A Dental Service Organization (DSO) is a management company that provides non-clinical support services to affiliated dental practices. DSOs handle billing, payroll, IT, marketing, procurement, HR, real estate, and compliance while the clinical practice remains owned by dentists or operates under a friendly-PC structure required by state corporate practice of dentistry laws. DSO-affiliated dentists now represent roughly 13% of the US dental workforce.

What is an MSO in healthcare?

A Medical Service Organization (MSO) is the medical equivalent of a DSO. MSOs provide management services to affiliated physician practices in specialties like dermatology, ophthalmology, gastroenterology, orthopedics, and women's health. Most MSOs are private equity-backed roll-up platforms acquiring previously independent practices and standardizing operations across affiliated locations.

Which medical specialties are most consolidated?

Dermatology has the highest MSO affiliation, with platform-affiliated practices exceeding 40% in many markets. Dental DSO affiliation is around 13% of dentists and growing. Ophthalmology, gastroenterology, orthopedics, women's health, and behavioral health all have active consolidation. Primary care is consolidating through both PE platforms and large payor-owned platforms (CVS/Oak Street, Amazon One Medical, Walgreens VillageMD).

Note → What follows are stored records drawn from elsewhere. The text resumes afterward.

(* Let $C\subseteq[n]$, $A_C\subseteq C^2$ symmetric with no pair $(a,a)$, $B_C\subseteq([n]\setminus C)\times C$, $ComCh_C\subseteq([n]\setminus C)^2$ and $NoComCh_C\subseteq([n]\setminus C)^2$. Let $\tilde A_C\subseteq A_C$ contain exactly one of $(a,b),(b,a)$ for each $(a,b)\in A_C$, and $\tilde E_C=\tilde A_C\cup B_C$. Then there exists $E_C\subseteq[n]^2$ with the SCCR properties (below) and containing at most one of $(a,b),(b,a)$ for all $a,b\in[n]$ if and only if there exist a removable set $Y\subseteq\tilde E_C$ and a vertex $x$ of the polyhedron $\mathcal F(Y)\cap[-1,0]^{\tilde A_C\setminus Y}$ such that: (1) for all $(a,b,c)\in[n]^3$ with $c\in C$, $(a,b),(c,b)\in A_C\cup B_C$, $Y\cap\{(a,b),(b,a),(c,b),(b,c)\}=\emptyset$ and $(a,c)\notin A_C\cup B_C$: $w_{Y,(a,b,c)}^Tx<\max_{y\in\{-1,0\}^{\tilde A_C\setminus Y}}w_{Y,(a,b,c)}^Ty$; (2) for all $(a,c)\in Y$ there exists $b\in C$ with $(a,b),(c,b)\in A_C\cup B_C$ and $Y\cap\{(a,b),(b,a),(c,b),(b,c)\}=\emptyset$ such that $w_{Y,(a,b,c)}^Tx=\max_{y\in\{-1,0\}^{\tilde A_C\setminus Y}}w_{Y,(a,b,c)}^Ty$. Moreover, if such $Y$ and $x$ exist, then $\tilde E^{Y,J(x)}_C$ has the SCCR properties, where $J(x)=\{e\in\tilde A_C\setminus Y: x_e=-1\}$.
   Context: A set $E_C\subseteq[n]^2$ has the SCCR properties (for the data $C,A_C,B_C,ComCh_C,NoComCh_C$) if, in the directed graph $G_C=([n],E_C)$: distinct $a,b$ are $p$-adjacent iff $(a,b)\in A_C\cup B_C$ or $(b,a)\in A_C\cup B_C$; $C$ is a strongly connected component of $G_C$ and there is no directed path from a vertex of $C$ to any vertex outside $C$; every $(a,b)\in ComCh_C$ has a common child in $C$; and no $(a,b)\in NoComCh_C$ has a common child in $C$. Here distinct $a,b$ are $p$-adjacent in a directed graph if there is an edge between them (either direction) or they have a common child that is an ancestor of $a$ or of $b$ ($u$ is an ancestor of $v$ if $u=v$ or there is a directed path from $u$ to $v$); strongly connected components are the classes of $i\sim j$ iff $i=j$ or there are directed paths $i\to j$ and $j\to i$. $Y\subseteq\tilde E_C$ is removable if: for every $(a,c)\in ComCh_C$ there is $b\in C$ with $(a,b),(c,b)\in B_C\setminus Y$; for every $(a,c)\in NoComCh_C$ there is no $b\in C$ with $(a,b),(c,b)\in B_C\setminus Y$; for every $(a,c)\in Y$ there is $b\in C$ with $(a,b),(c,b)\in A_C\cup B_C$ and $Y\cap\{(a,b),(b,a),(c,b),(b,c)\}=\emptyset$. For $E\subseteq[n]^2$, $U\subseteq[n]$: $\delta^-_E(U)=\{(a,b)\in E: a\notin U,b\in U\}$, $\delta^+_E(U)=\{(a,b)\in E: a\in U,b\notin U\}$, and $x(E')=\sum_{e\in E'}x_e$. $\mathcal F(Y)=\{x\in\mathbb R^{\tilde A_C\setminus Y}: x(\delta^-_{\tilde A_C\setminus Y}(U))-x(\delta^+_{\tilde A_C\setminus Y}(U))\le|\delta^+_{\tilde A_C\setminus Y}(U)|-1$ for all $U\in2^C\setminus\{\emptyset,C\}\}$. For $J\subseteq\tilde A_C\setminus Y$: $\tilde E^{Y,J}_C=(\{(b,a):(a,b)\in J\}\cup(\tilde A_C\setminus(Y\cup J)))\cup(B_C\setminus Y)$. For $(a,b,c)\in[n]^3$ with $c\in C$, $(a,b),(c,b)\in A_C\cup B_C$ and $Y\cap\{(a,b),(b,a),(c,b),(b,c)\}=\emptyset$, the weight vector $w_{Y,(a,b,c)}\in\mathbb R^{\tilde A_C\setminus Y}$ has entry $-1$ at $e=(b,a)$ or $e=(b,c)$, entry $1$ at $e=(a,b)$ or $e=(c,b)$, and $0$ elsewhere. *)

theory Defs
  imports Complex_Main
begin

type_synonym edge = "nat \<times> nat"

definition ancestor :: "edge set \<Rightarrow> nat \<Rightarrow> nat \<Rightarrow> bool" where
  "ancestor E u v \<longleftrightarrow> (u, v) \<in> E\<^sup>*"

definition common_child :: "edge set \<Rightarrow> nat \<Rightarrow> nat \<Rightarrow> nat \<Rightarrow> bool" where
  "common_child E a b c \<longleftrightarrow> (a, c) \<in> E \<and> (b, c) \<in> E"

definition p_adjacent :: "edge set \<Rightarrow> nat \<Rightarrow> nat \<Rightarrow> bool" where
  "p_adjacent E a b \<longleftrightarrow> a \<noteq> b \<and>
     ((a, b) \<in> E \<or> (b, a) \<in> E \<or>
      (\<exists>c. common_child E a b c \<and> (ancestor E c a \<or> ancestor E c b)))"

definition is_SCC :: "nat \<Rightarrow> edge set \<Rightarrow> nat set \<Rightarrow> bool" where
  "is_SCC n E C \<longleftrightarrow> (\<exists>i\<in>{1..n}. C = {j \<in> {1..n}. i = j \<or> ((i, j) \<in> E\<^sup>+ \<and> (j, i) \<in> E\<^sup>+)})"
lemma mates_slice_pair: "length x = n \<Longrightarrow> mates (x[m := 2 * z]) (x[m := 2 * z - 1])"
proof (induction z rule: int_induct[where k = 0])
  case base
  then have "mates (x[m := 0]) (shift_coord (x[m := 0]) m (-1))"
    using m_less by (intro mates_last_coord_zero) auto
  then show ?case using base m_less by simp
next
  case (step1 z)
  have "mates (shift_coord (x[m := 2 * z]) m (- (-1)))
      (shift_coord (x[m := 2 * z]) m (-2 * (-1)))"
    using step1 m_less by (intro mates_reflect) auto
  then have "mates (x[m := 2 * (z + 1)]) (x[m := 2 * (z + 1) - 1])"
    using step1 m_less mates_sym by (simp add: algebra_simps)
  then show ?case .
next
  case (step2 z)
  have "mates (x[m := 2 * z - 1]) (shift_coord (x[m := 2 * z - 1]) m 1)"
    using mates_sym[OF step2(2)] step2 m_less by simp
  then have "mates (shift_coord (x[m := 2 * z - 1]) m (-1))
      (shift_coord (x[m := 2 * z - 1]) m (-2 * 1))"
    using m_less step2 by (intro mates_reflect) auto
  then have "mates (x[m := 2 * (z - 1)]) (x[m := 2 * (z - 1) - 1])"
    using step2 m_less by (simp add: algebra_simps)
  then show ?case .
qed

definition pair_lev :: "int list \<Rightarrow> int \<Rightarrow> nat" where
  "pair_lev x z = lev (x[m := 2 * z])"

lemma lev_update_last:
  assumes len: "length x = n"
  shows "lev (x[m := c]) = pair_lev x ((c + 1) div 2)"
proof (cases "even c")
  case True
  then show ?thesis by (auto simp: pair_lev_def elim!: evenE)
next
  case False
  then obtain b where c: "c = 2 * b + 1" by (rule oddE)
  then have "c = 2 * (b + 1) - 1" by simp
  then have "lev (x[m := c]) = lev (x[m := 2 * (b + 1) - 1])" by (simp only:)
  also have "\<dots> = pair_lev x (b + 1)"
    using mates_slice_pair[OF len, of "b + 1"] unfolding mates_def pair_lev_def by simp
  also have "b + 1 = (c + 1) div 2" using c by presburger
  finally show ?thesis .
qed
lemma bracketE_jacobi:
  assumes "is_section x" "is_section y" "is_section z"
    and "homogeneous a x" "homogeneous b y" "homogeneous c z"
  shows "bracketE (bracketE x y) z + pm (- ((-1) ^ (c * b))) (bracketE (bracketE x z) y)
    + pm ((-1) ^ (b * a) * (-1) ^ (c * a)) (bracketE (bracketE y z) x) = 0"
proof -
  obtain X d0 d1 d2 ta tb t where x: "x = ((X, d0, d1, d2), (ta, tb), t)"
    and sx: "is_section ((X, d0, d1, d2), (ta, tb), t)"
    using assms(1) by (rule section_cases)
  obtain Y e0 e1 e2 ta' tb' t' where y: "y = ((Y, e0, e1, e2), (ta', tb'), t')"
    and sy: "is_section ((Y, e0, e1, e2), (ta', tb'), t')"
    using assms(2) by (rule section_cases)
  obtain Z f0 f1 f2 ta'' tb'' t'' where z: "z = ((Z, f0, f1, f2), (ta'', tb''), t'')"
    and sz: "is_section ((Z, f0, f1, f2), (ta'', tb''), t'')"
    using assms(3) by (rule section_cases)
  show ?thesis
    using assms(4-6) unfolding x y z
    by (cases rule: degree_cases[of a]; cases rule: degree_cases[of b];
        cases rule: degree_cases[of c])
      (simp_all add: bracketE_def homogeneous_iff section_simps[OF sx] section_simps[OF sy]
        section_simps[OF sz] pm_def zero_prod_def fun_eq_iff algebra_simps)
qed

end

section \<open>The split Lie 3-algebroid\<close>

lemma lE_1 [simp]: "lE p1 p2 1 xs = dE p1 p2 (xs ! 0)" "lE p1 p2 (Suc 0) xs = dE p1 p2 (xs ! 0)"
  and lE_2 [simp]: "lE p1 p2 2 xs = bracketE (xs ! 0) (xs ! 1)"
  and lE_other: "i \<noteq> 1 \<Longrightarrow> i \<noteq> 2 \<Longrightarrow> lE p1 p2 i xs = 0"
  by (simp_all add: lE_def)

lemma less_2_cases: "p < 2 \<Longrightarrow> p = 0 \<or> p = 1" for p :: nat
  by auto

lemma arity_cases:
  assumes "length xs = i"
  obtains (unary) x where "i = 1" "xs = [x]"
    | (binary) x y where "i = 2" "xs = [x, y]"
    | (other) "i \<noteq> 1" "i \<noteq> 2"
  using assms by (metis One_nat_def Suc_1 length_0_conv length_Suc_conv)

context three_term_complex
begin

lemma homogeneous_smE: "homogeneous n x \<Longrightarrow> homogeneous n (sm f x)"
  by (cases x rule: ends_exhaust) (simp add: homogeneous_iff smE_def fun_eq_iff zero_fun_def)

lemma GE_subspace:
  "0 \<in> G n"
  "x \<in> G n \<Longrightarrow> y \<in> G n \<Longrightarrow> x + y \<in> G n"
  "x \<in> G n \<Longrightarrow> sm f x \<in> G n"
  by (simp_all add: GE_eq is_section_zero is_section_add is_section_smE homogeneous_add
      homogeneous_smE) (simp add: homogeneous_def)

lemma GE_ge_3: "3 \<le> n \<Longrightarrow> G n = {0}"
  using homogeneous_ge_3 GE_subspace(1) by (auto simp: GE_eq)

lemma GE_direct_sum:
  assumes "\<forall>i<3. xs i \<in> G i" "(\<Sum>i<3. xs i) = 0"
  shows "\<forall>i<3. xs i = 0"
proof -
  have "homogeneous 0 (xs 0)" "homogeneous 1 (xs 1)" "homogeneous 2 (xs 2)"
    using assms(1) by (simp_all add: GE_eq)
  moreover have "xs 0 + xs 1 + xs 2 = 0"
    using assms(2) by (simp add: numeral_3_eq_3 numeral_2_eq_2)
  ultimately have "xs 0 = 0 \<and> xs 1 = 0 \<and> xs 2 = 0"
    by (cases "xs 0" rule: ends_exhaust, cases "xs 1" rule: ends_exhaust,
        cases "xs 2" rule: ends_exhaust) (simp add: homogeneous_iff zero_prod_def)
  then show ?thesis
    by (simp add: less_3_iff)
qed

lemma sections_GE: "sections 3 G = {x. is_section x}"
proof (intro equalityI subsetI)
  fix x assume "x \<in> sections 3 G"
  then obtain xs where "x = (\<Sum>i<3. xs i)" and "\<forall>i<3. xs i \<in> G i"
    by (auto simp: sections_def)
  then show "x \<in> {x. is_section x}"
    by (simp add: numeral_3_eq_3 GE_eq is_section_add)
next
  fix x assume "x \<in> {x. is_section x}"
  then obtain X d0 d1 d2 ta tb t where x: "x = ((X, d0, d1, d2), (ta, tb), t)"
    and sx: "is_section ((X, d0, d1, d2), (ta, tb), t)"
    by (auto elim: section_cases)
  define xs where "xs i = (if i = 0 then ((X, d0, d1, d2), 0, 0)
    else if i = 1 then (0, (ta, tb), 0) else (0, 0, t))" for i :: nat
  have "\<forall>i<3. xs i \<in> G i"
    using sx zero_in_Dpi
    by (auto simp: xs_def GE_def less_3_iff is_section_def zero_prod_def)
  moreover have "x = (\<Sum>i<3. xs i)"
    by (simp add: x xs_def numeral_3_eq_3)
  ultimately show "x \<in> sections 3 G"
    unfolding sections_def by blast
qed
lemma lift_derivation_chain:
  fixes S :: "('p, 'f, 'v) pstep set"
  assumes "infinite (UNIV :: 'v set)" "complete_steps S" "spec_independent S"
  shows "derivation_chain G ds \<Longrightarrow> set ds \<subseteq> S \<Longrightarrow> shifting \<sigma> \<Longrightarrow> finite W
    \<Longrightarrow> vars_pgoal (shift_pgoal \<sigma> (subst_pgoal \<eta> G)) \<subseteq> W
    \<Longrightarrow> (\<And>x. x \<in> vars_pgoal G \<Longrightarrow> (\<eta> \<circ>\<^sub>s \<tau>) x = (composed_mgu ds \<circ>\<^sub>s \<kappa>) x)
    \<Longrightarrow> \<exists>ds'. derivation_chain (shift_pgoal \<sigma> (subst_pgoal \<eta> G)) ds' \<and> set ds' \<subseteq> S
          \<and> template ds' = template ds \<and> fresh_renamings W ds'"
proof (induction ds arbitrary: G \<sigma> \<eta> \<tau> W)
  case Nil
  then show ?case by (intro exI[of _ "[]"]) (simp add: template_def)
next
  case (Cons s ds)
  then have "s \<in> S" and G: "st_source s = G"
    and agree: "\<And>x. x \<in> vars_pgoal (st_source s) \<Longrightarrow> (\<eta> \<circ>\<^sub>s \<tau>) x = (st_mgu s \<circ>\<^sub>s (composed_mgu ds \<circ>\<^sub>s \<kappa>)) x"
    by (auto simp: composed_mgu_Cons subst_comp_assoc)
  have "vars_pgoal (shift_pgoal \<sigma> (subst_pgoal \<eta> (st_source s))) \<subseteq> W" using Cons.prems(5) G by simp
  then obtain t \<rho> \<delta> \<epsilon> where t: "t \<in> S" "st_source t = shift_pgoal \<sigma> (subst_pgoal \<eta> (st_source s))"
    "st_clause t = st_clause s" "renamed_clause_vars t \<inter> W = {}" "finite (renamed_clause_vars t)"
    and \<rho>: "shifting \<rho>" and target: "st_target t = shift_pgoal \<rho> (subst_pgoal \<delta> (st_target s))"
    and agree': "\<And>x. x \<in> vars_pgoal (st_target s) \<Longrightarrow> (\<delta> \<circ>\<^sub>s \<epsilon>) x = (composed_mgu ds \<circ>\<^sub>s \<kappa>) x"
    using lift_step[OF assms \<open>s \<in> S\<close> Cons.prems(3,4) _ agree] by blast
  have "valid_step t" using assms(2) t(1) by (auto simp: complete_steps_def)
  then have "vars_pgoal (st_target t) \<subseteq> W \<union> renamed_clause_vars t"
    using vars_target_subset[of t] t(2) Cons.prems(5) G by auto
  then have "\<exists>ds'. derivation_chain (st_target t) ds' \<and> set ds' \<subseteq> S
      \<and> template ds' = template ds \<and> fresh_renamings (W \<union> renamed_clause_vars t) ds'"
    unfolding target
    by (intro Cons.IH[OF _ _ \<rho> _ _ agree']) (use Cons.prems(1,2,4) t(5) in auto)
  then obtain ds' where "derivation_chain (st_target t) ds'" "set ds' \<subseteq> S"
    "template ds' = template ds" "fresh_renamings (W \<union> renamed_clause_vars t) ds'"
    by blast
  then show ?case
    using \<open>valid_step t\<close> t G by (intro exI[of _ "t # ds'"]) (simp add: template_def)
qed
(* Let $\Sigma$ be a finite nonempty set of $d\times d$ real matrices with nonnegative entries. For each $i\in\{1,\dots,d\}$ let \[ \delta_i=\gcd\{n\ge1:\ \|\Sigma^n\|_{i,i}>0\}, \] with $\delta_i=1$ if this set is empty. Let $\Delta$ be a positive integer that is a multiple of every $\delta_i$. Then \[ \rho(\Sigma)=\lim_{m\to\infty}\max_i\sqrt[m\Delta]{\|\Sigma^{m\Delta}\|_{i,i}}=\lim_{m\to\infty}\max_{A_1,\dots,A_{m\Delta}\in\Sigma}\sqrt[m\Delta]{\operatorname{tr}(A_1\cdots A_{m\Delta})}. \]
   Context: For $n\ge1$, $\|\Sigma^n\|_{i,j}=\max_{A_1,\dots,A_n\in\Sigma}(A_1\cdots A_n)_{i,j}$. The joint spectral radius is $\rho(\Sigma)=\lim_{n\to\infty}\sqrt[n]{\max_{A_1,\dots,A_n\in\Sigma}\|A_1\cdots A_n\|}$ for any matrix norm (the limit exists and is independent of the norm). $\operatorname{tr}$ denotes the trace. *)

theory Defs
  imports "HOL-Analysis.Analysis"
begin

definition mprod :: "(real^'n^'n) list \<Rightarrow> real^'n^'n" where
  "mprod As = foldr (\<lambda>A B. A ** B) As (mat 1)"

definition prods :: "(real^'n^'n) set \<Rightarrow> nat \<Rightarrow> (real^'n^'n) set" where
  "prods \<Sigma> n = mprod ` {As. set As \<subseteq> \<Sigma> \<and> length As = n}"

text \<open>The entry (i,j) of Sigma^n: max over products of length n.\<close>
definition maxentry :: "(real^'n^'n) set \<Rightarrow> nat \<Rightarrow> 'n \<Rightarrow> 'n \<Rightarrow> real" where
  "maxentry \<Sigma> n i j = Max ((\<lambda>P. P $ i $ j) ` prods \<Sigma> n)"

definition delta :: "(real^'n^'n) set \<Rightarrow> 'n \<Rightarrow> nat" where
  "delta \<Sigma> i = (let S = {n. n \<ge> 1 \<and> maxentry \<Sigma> n i i > 0} in
                  if S = {} then 1 else Gcd S)"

Who makes vendor decisions at a DSO or MSO?

Vendor decisions typically involve the platform CEO, VP Operations, Chief Procurement Officer or VP Supply Chain, Chief Medical Officer, regional VPs, and the relevant specialty clinical lead. Practice-level clinicians and managers influence decisions but rarely make them independently. The buying committee resembles a corporate procurement organization more than a clinical practice.

How do I sell into a DSO or MSO?

Treat the platform as an enterprise account. Identify the platform CEO and procurement leadership. Build relationships with regional VPs and the chief medical officer. Map the PE sponsor and operating partners who influence portfolio decisions. Expect a 6-18 month sales cycle for a new vendor relationship at scale. The deal size compensates for the longer cycle.

What does PE sponsorship matter for DSO and MSO sales?

Private equity sponsors hold board seats at most DSO and MSO platforms and influence strategic vendor decisions. PE sponsors also recycle vendor relationships across portfolio companies, so a favorable relationship with one PE firm can open doors at multiple platforms. Building relationships at the PE operating partner level is one of the highest-leverage moves a healthcare vendor can make.